I didn't see anything interesting in syslog.  Here's the dmesg:

[3739013.789191] nfsd: last server has exited, flushing export cache
[3739014.354693] NFSD: starting 90-second grace period (net ffffffff81cbdfc0)
[4323948.836824] nfsd: peername failed (err 107)!
[4323948.949103] nfsd: peername failed (err 107)!
[4323949.012233] nfsd: peername failed (err 107)!
[4323949.056911] nfsd: peername failed (err 107)!
[4323949.100422] nfsd: peername failed (err 107)!
[4323949.160057] nfsd: peername failed (err 107)!
[4323949.201984] nfsd: peername failed (err 107)!
[4323949.281673] nfsd: peername failed (err 107)!
[4323949.350530] nfsd: peername failed (err 107)!
[4323949.408005] nfsd: peername failed (err 107)!
[4560939.569254] nfsd: last server has exited, flushing export cache
[4560939.656733] NFSD: starting 90-second grace period (net ffffffff81cbdfc0)
[4560948.862565] nfsd: last server has exited, flushing export cache
[4560948.943642] NFSD: starting 90-second grace period (net ffffffff81cbdfc0)

Is 'peername' related to reverse DNS or does it have a meaning in the NFS context?  This host doesn't appear to have a valid reverse entry, but it worked for months before this.  I didn't have time to try DNS changes before rebooting.

Comment 5 J. Bruce Fields 2013-12-20 22:26:35 UTC
Looking at the code: this means kernel_getpeername failed on a new incoming tcp connection.  I believe this is implemented by an net/ipv4/af_inet.c:inet_getname() call with peer=1 in our case.  That can fail with -ENOTCONN when

  !inet->inet_dport || ((1 << sk->sk_state) & (TCPF_CLOSE | TCPF_SYN_SENT))

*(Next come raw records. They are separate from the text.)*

definition gray_triangles ::
    "'v set \<Rightarrow> 'v set set \<Rightarrow> ('v \<Rightarrow> complex) \<Rightarrow> ('v set \<Rightarrow> real \<Rightarrow> complex)
       \<Rightarrow> (complex set \<Rightarrow> bool) \<Rightarrow> 'v set set" where
  "gray_triangles V E pos arc_of gray =
     {t. \<exists>F\<in>gray_faces V E pos arc_of gray. triangle_face E arc_of F t}"

end

theory Submission
  imports Defs
begin

(* Alice plays so as to keep every gray triangle t, with marked angle m, safe: a marked edge
   of t forces m to be marked, an unmarked corner a \<noteq> m lies on at most one marked edge
   of t, and the two edges of t at m are never both marked while both other corners are
   unmarked.  Bob's edge lies in exactly one gray triangle, and a safe triangle with one
   extra marked edge is made safe again by marking a single one of its corners.  In a safe
   position an unmarked vertex x has no marked edge in a triangle whose marked angle is at x,
   and at most one in each of the at most two other triangles at x; so every vertex score is
   at most 2 after Alice's moves and at most 3 after Bob's.  Only simplicity of the graph and
   conditions (iii)-(v) on the gray triangles are used. *)

definition triangle_safe :: "'v set \<Rightarrow> 'v set set \<Rightarrow> 'v \<Rightarrow> 'v set \<Rightarrow> bool" where
  "triangle_safe MV ME m t \<longleftrightarrow>
     (\<forall>a\<in>t. \<forall>b\<in>t. m \<noteq> a \<and> m \<noteq> b \<and> a \<noteq> b \<longrightarrow>
        ({m, a} \<in> ME \<or> {a, b} \<in> ME \<longrightarrow> m \<in> MV) \<and>
        ({m, a} \<in> ME \<and> {a, b} \<in> ME \<longrightarrow> a \<in> MV) \<and>
        ({m, a} \<in> ME \<and> {m, b} \<in> ME \<longrightarrow> a \<in> MV \<or> b \<in> MV))"

lemma triangle_safe_iff:
  assumes "m \<noteq> a" "m \<noteq> b" "a \<noteq> b"
  shows "triangle_safe MV ME m {m, a, b} \<longleftrightarrow>
     ({m, a} \<in> ME \<or> {m, b} \<in> ME \<or> {a, b} \<in> ME \<longrightarrow> m \<in> MV) \<and>
     ({m, a} \<in> ME \<and> {a, b} \<in> ME \<longrightarrow> a \<in> MV) \<and>
     ({m, b} \<in> ME \<and> {a, b} \<in> ME \<longrightarrow> b \<in> MV) \<and>
     ({m, a} \<in> ME \<and> {m, b} \<in> ME \<longrightarrow> a \<in> MV \<or> b \<in> MV)"
  using assms unfolding triangle_safe_def by (auto simp: insert_commute)

lemma triangle_safe_mono:
  "triangle_safe MV ME m t \<Longrightarrow> MV \<subseteq> MV' \<Longrightarrow> triangle_safe MV' ME m t"
  unfolding triangle_safe_def by blast

lemma triangle_safe_insert_edge_outside:
  assumes "m \<in> t" "\<not> e \<subseteq> t"
  shows "triangle_safe MV (insert e ME) m t \<longleftrightarrow> triangle_safe MV ME m t"
proof -
  have "{x, y} \<in> insert e ME \<longleftrightarrow> {x, y} \<in> ME" if "x \<in> t" "y \<in> t" for x y
    using that assms(2) by auto
  then show ?thesis
    unfolding triangle_safe_def by (intro ball_cong refl) (simp only: assms(1))
qed

lemma triangle_safe_restore:
  assumes d: "m \<noteq> a" "m \<noteq> b" "a \<noteq> b"
    and safe: "triangle_safe MV ME m {m, a, b}"
    and e: "e \<in> {{m, a}, {m, b}, {a, b}}"
  shows "\<exists>v\<in>{m, a, b}. triangle_safe (insert v MV) (insert e ME) m {m, a, b}"
proof -
  have "{m, a} \<noteq> {m, b}" "{m, a} \<noteq> {a, b}" "{m, b} \<noteq> {a, b}"
    using d by (auto simp: doubleton_eq_iff)
  note facts = this this[symmetric] d safe[unfolded triangle_safe_iff[OF d]]
  note unfold = triangle_safe_iff[OF d] insert_iff
  show ?thesis
  proof (cases "m \<in> MV")
    case False
    then show ?thesis using facts e unfolding unfold by (intro bexI[of _ m]) blast+
  next
    case True
    consider "e = {m, a}" | "e = {m, b}" | "e = {a, b}" using e by blast
    then show ?thesis
    proof cases
      case 1
      then show ?thesis using True facts unfolding unfold by (intro bexI[of _ a]) blast+
    next
      case 2
      then show ?thesis using True facts unfolding unfold by (intro bexI[of _ b]) blast+
    next
      case 3
      (* if a is unmarked and {m, a} is marked, safety gives b marked or {m, b} unmarked *)
      let ?v = "if {m, a} \<in> ME \<and> a \<notin> MV then a else b"
      show ?thesis using 3 True facts unfolding unfold by (intro bexI[of _ ?v]) (auto split: if_splits)
    qed
  qed
qed

lemma marked_simps [simp]:
  "marked_vertices [] = {}" "marked_edges [] = {}"
  "marked_vertices (AMove v # h) = insert v (marked_vertices h)"
  "marked_vertices (BMove e # h) = marked_vertices h"
  "marked_edges (AMove v # h) = marked_edges h"
  "marked_edges (BMove e # h) = insert e (marked_edges h)"
  "marked_vertices (h @ h') = marked_vertices h \<union> marked_vertices h'"
  "marked_edges (h @ h') = marked_edges h \<union> marked_edges h'"
  unfolding marked_vertices_def marked_edges_def by auto

lemma finite_marked_edges: "finite (marked_edges h)"
proof -
  have "marked_edges h \<subseteq> (\<lambda>x. case x of BMove e \<Rightarrow> e | AMove v \<Rightarrow> {}) ` set h"
    unfolding marked_edges_def by force
  then show ?thesis by (rule finite_subset) simp
qed

lemma legal_hist_snoc:
  "legal_hist V E (h @ [x]) \<longleftrightarrow> legal_hist V E h \<and>
     (even (length h) \<longrightarrow> (\<exists>v. x = AMove v \<and> v \<in> V \<and> v \<notin> marked_vertices h)) \<and>
     (odd (length h) \<longrightarrow> (\<exists>e. x = BMove e \<and> e \<in> E \<and> e \<notin> marked_edges h))"
  unfolding legal_hist_def by (simp add: nth_append All_less_Suc, blast)

lemma consistent_snoc:
  "consistent \<sigma> (h @ [x]) \<longleftrightarrow> consistent \<sigma> h \<and> (odd (length h) \<longrightarrow> x = BMove (\<sigma> h))"
  unfolding consistent_def by (simp add: nth_append All_less_Suc, blast)

lemma vertex_score_BMove_le: "vertex_score (h @ [BMove e]) v \<le> Suc (vertex_score h v)"
proof (cases "v \<in> marked_vertices h")
  case False
  let ?M = "marked_edges h"
  have fin: "finite {e' \<in> ?M. v \<in> e'}" using finite_marked_edges[of h] by simp
  have "card {e' \<in> insert e ?M. v \<in> e'} \<le> card (insert e {e' \<in> ?M. v \<in> e'})"
    by (rule card_mono) (use fin in auto)
  also have "\<dots> \<le> Suc (card {e' \<in> ?M. v \<in> e'})"
    by (simp add: card_insert_if fin)
  finally show ?thesis using False by (simp add: vertex_score_def)
qed (simp add: vertex_score_def)

lemma score_le:
  assumes "\<forall>v\<in>V. vertex_score h v \<le> c"
  shows "score V h \<le> c"
proof (cases "V = {}")
  case False
  then show ?thesis unfolding score_def using assms by (intro cSUP_least) auto
qed (simp add: score_def)

primrec play :: "('v move list \<Rightarrow> 'v) \<Rightarrow> ('v move list \<Rightarrow> 'v set) \<Rightarrow> nat \<Rightarrow> 'v move list" where
  "play \<alpha> \<sigma> 0 = []"
| "play \<alpha> \<sigma> (Suc n) =
     play \<alpha> \<sigma> n @ [if even n then AMove (\<alpha> (play \<alpha> \<sigma> n)) else BMove (\<sigma> (play \<alpha> \<sigma> n))]"

lemma length_play [simp]: "length (play \<alpha> \<sigma> n) = n"
  by (induction n) auto

lemma take_play: "k \<le> n \<Longrightarrow> take k (play \<alpha> \<sigma> n) = play \<alpha> \<sigma> k"
  by (induction n) (auto simp: le_Suc_eq)

lemma map_nth_play: "map (\<lambda>i. play \<alpha> \<sigma> (Suc i) ! i) [0..<n] = play \<alpha> \<sigma> n"
  by (induction n) (auto simp: nth_append)

lemma consistent_play: "consistent \<sigma> (play \<alpha> \<sigma> n)"
  by (induction n) (auto simp: consistent_snoc, simp add: consistent_def)

lemma legal_play:
  assumes alice: "\<And>h. even (length h) \<Longrightarrow> \<not> terminal V E h \<Longrightarrow> \<alpha> h \<in> V \<and> \<alpha> h \<notin> marked_vertices h"
    and bob: "legal_bob_strategy V E \<sigma>"
    and running: "\<forall>k<n. \<not> terminal V E (play \<alpha> \<sigma> k)"
  shows "legal_hist V E (play \<alpha> \<sigma> n)"
  using running
proof (induction n)
  case 0
  then show ?case by (simp add: legal_hist_def)
next
  case (Suc n)
  then have legal: "legal_hist V E (play \<alpha> \<sigma> n)" and running: "\<not> terminal V E (play \<alpha> \<sigma> n)"
    by auto
  show ?case
  proof (cases "even n")
    case True
    then show ?thesis using legal running alice by (simp add: legal_hist_snoc)
  next
    case False
    then have "odd (length (play \<alpha> \<sigma> n))" by simp
    then have "\<sigma> (play \<alpha> \<sigma> n) \<in> E \<and> \<sigma> (play \<alpha> \<sigma> n) \<notin> marked_edges (play \<alpha> \<sigma> n)"
      using bob legal running consistent_play unfolding legal_bob_strategy_def by blast
    then show ?thesis using legal False by (simp add: legal_hist_snoc)
  qed
qed

lemma final_score_fin_le:
  assumes "\<And>k. k \<le> length h \<Longrightarrow> score V (take k h) \<le> c"
  shows "final_score_fin V h \<le> enat c"
  unfolding final_score_fin_def using assms by (auto intro: SUP_least)

lemma final_score_inf_le:
  assumes "\<And>n. score V (map f [0..<n]) \<le> c"
  shows "final_score_inf V f \<le> enat c"
  unfolding final_score_inf_def using assms by (auto intro: SUP_least)

lemma bob_wins_le_if_alice_caps_score:
  assumes alice: "\<And>h. even (length h) \<Longrightarrow> \<not> terminal V E h \<Longrightarrow> \<alpha> h \<in> V \<and> \<alpha> h \<notin> marked_vertices h"
    and caps: "\<And>\<sigma> n. legal_bob_strategy V E \<sigma> \<Longrightarrow> \<forall>k<n. \<not> terminal V E (play \<alpha> \<sigma> k) \<Longrightarrow>
                 score V (play \<alpha> \<sigma> n) \<le> c"
    and "bob_wins V E s"
  shows "s \<le> c"
proof -
  obtain \<sigma> where bob: "legal_bob_strategy V E \<sigma>"
    and fin: "\<forall>h. legal_hist V E h \<and> consistent \<sigma> h \<and> terminal V E h \<longrightarrow> final_score_fin V h \<ge> enat s"
    and inf: "\<forall>f. (\<forall>n. legal_hist V E (map f [0..<n]) \<and> consistent \<sigma> (map f [0..<n]))
              \<longrightarrow> final_score_inf V f \<ge> enat s"
    using assms(3) unfolding bob_wins_def by blast
  show ?thesis
  proof (cases "\<exists>n. terminal V E (play \<alpha> \<sigma> n)")
    case True
    define n0 where "n0 = (LEAST n. terminal V E (play \<alpha> \<sigma> n))"
    have terminal: "terminal V E (play \<alpha> \<sigma> n0)"
      unfolding n0_def using True by (rule LeastI_ex)
    have running: "\<forall>k<n. \<not> terminal V E (play \<alpha> \<sigma> k)" if "n \<le> n0" for n
    proof (intro allI impI)
      fix k assume "k < n"
      with that have "k < n0" by simp
      then show "\<not> terminal V E (play \<alpha> \<sigma> k)" unfolding n0_def by (rule not_less_Least)
    qed
    have "legal_hist V E (play \<alpha> \<sigma> n0)"
      using legal_play[OF alice bob running] by simp
    then have "enat s \<le> final_score_fin V (play \<alpha> \<sigma> n0)"
      using fin consistent_play terminal by blast
    also have "\<dots> \<le> enat c"
      using caps[OF bob running] by (intro final_score_fin_le) (simp add: take_play)
    finally show ?thesis by simp
  next
    case False
    then have running: "\<forall>k<n. \<not> terminal V E (play \<alpha> \<sigma> k)" for n by blast
    define f where "f i = play \<alpha> \<sigma> (Suc i) ! i" for i
    have f: "map f [0..<n] = play \<alpha> \<sigma> n" for n
      unfolding f_def by (rule map_nth_play)
    have "\<forall>n. legal_hist V E (map f [0..<n]) \<and> consistent \<sigma> (map f [0..<n])"
      unfolding f using legal_play[OF alice bob running] consistent_play by blast
    then have "enat s \<le> final_score_inf V f"
      using inf by blast
    also have "\<dots> \<le> enat c"
      using caps[OF bob running] by (intro final_score_inf_le) (simp add: f)
    finally show ?thesis by simp
  qed
qed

I suspect it's the TCPF_CLOSE case that we're hitting here?  Could it be some race where we're trying to accept a new socket that we've already closed?

In any case, nothing to do with DNS.

What actual problem did you see (other than logged warnings).

Comment 6 Fedora End Of Life 2013-12-21 14:36:09 UTC
This message is a reminder that Fedora 18 is nearing its end of life.
Approximately 4 (four) weeks from now Fedora will stop maintaining
and issuing updates for Fedora 18. It is Fedora's policy to close all
bug reports from releases that are no longer maintained. At that time
this bug will be closed as WONTFIX if it remains open with a Fedora 
'version' of '18'.

Package Maintainer: If you wish for this bug to remain open because you
plan to fix it in a currently maintained version, simply change the 'version' 
to a later Fedora version prior to Fedora 18's end of life.

Thank you for reporting this issue and we are sorry that we may not be 
able to fix it before Fedora 18 is end of life. If you would still like 
to see this bug fixed and are able to reproduce it against a later version 
of Fedora, you are encouraged  change the 'version' to a later Fedora 
version prior to Fedora 18's end of life.

Although we aim to fix as many bugs as possible during every release's 
lifetime, sometimes those efforts are overtaken by events. Often a 
more recent Fedora release includes newer upstream software that fixes 
bugs or makes them obsolete.

Comment 7 Fedora End Of Life 2014-02-05 22:24:17 UTC
Fedora 18 changed to end-of-life (EOL) status on 2014-01-14. Fedora 18 is
no longer maintained, which means that it will not receive any further
security or bug fix updates. As a result we are closing this bug.

If you can reproduce this bug against a currently maintained version of
Fedora please feel free to reopen this bug against that version. If you
are unable to reopen this bug, please file a new report against the
current release. If you experience problems, please add a comment to this
bug.

Thank you for reporting this bug and we are sorry it could not be fixed.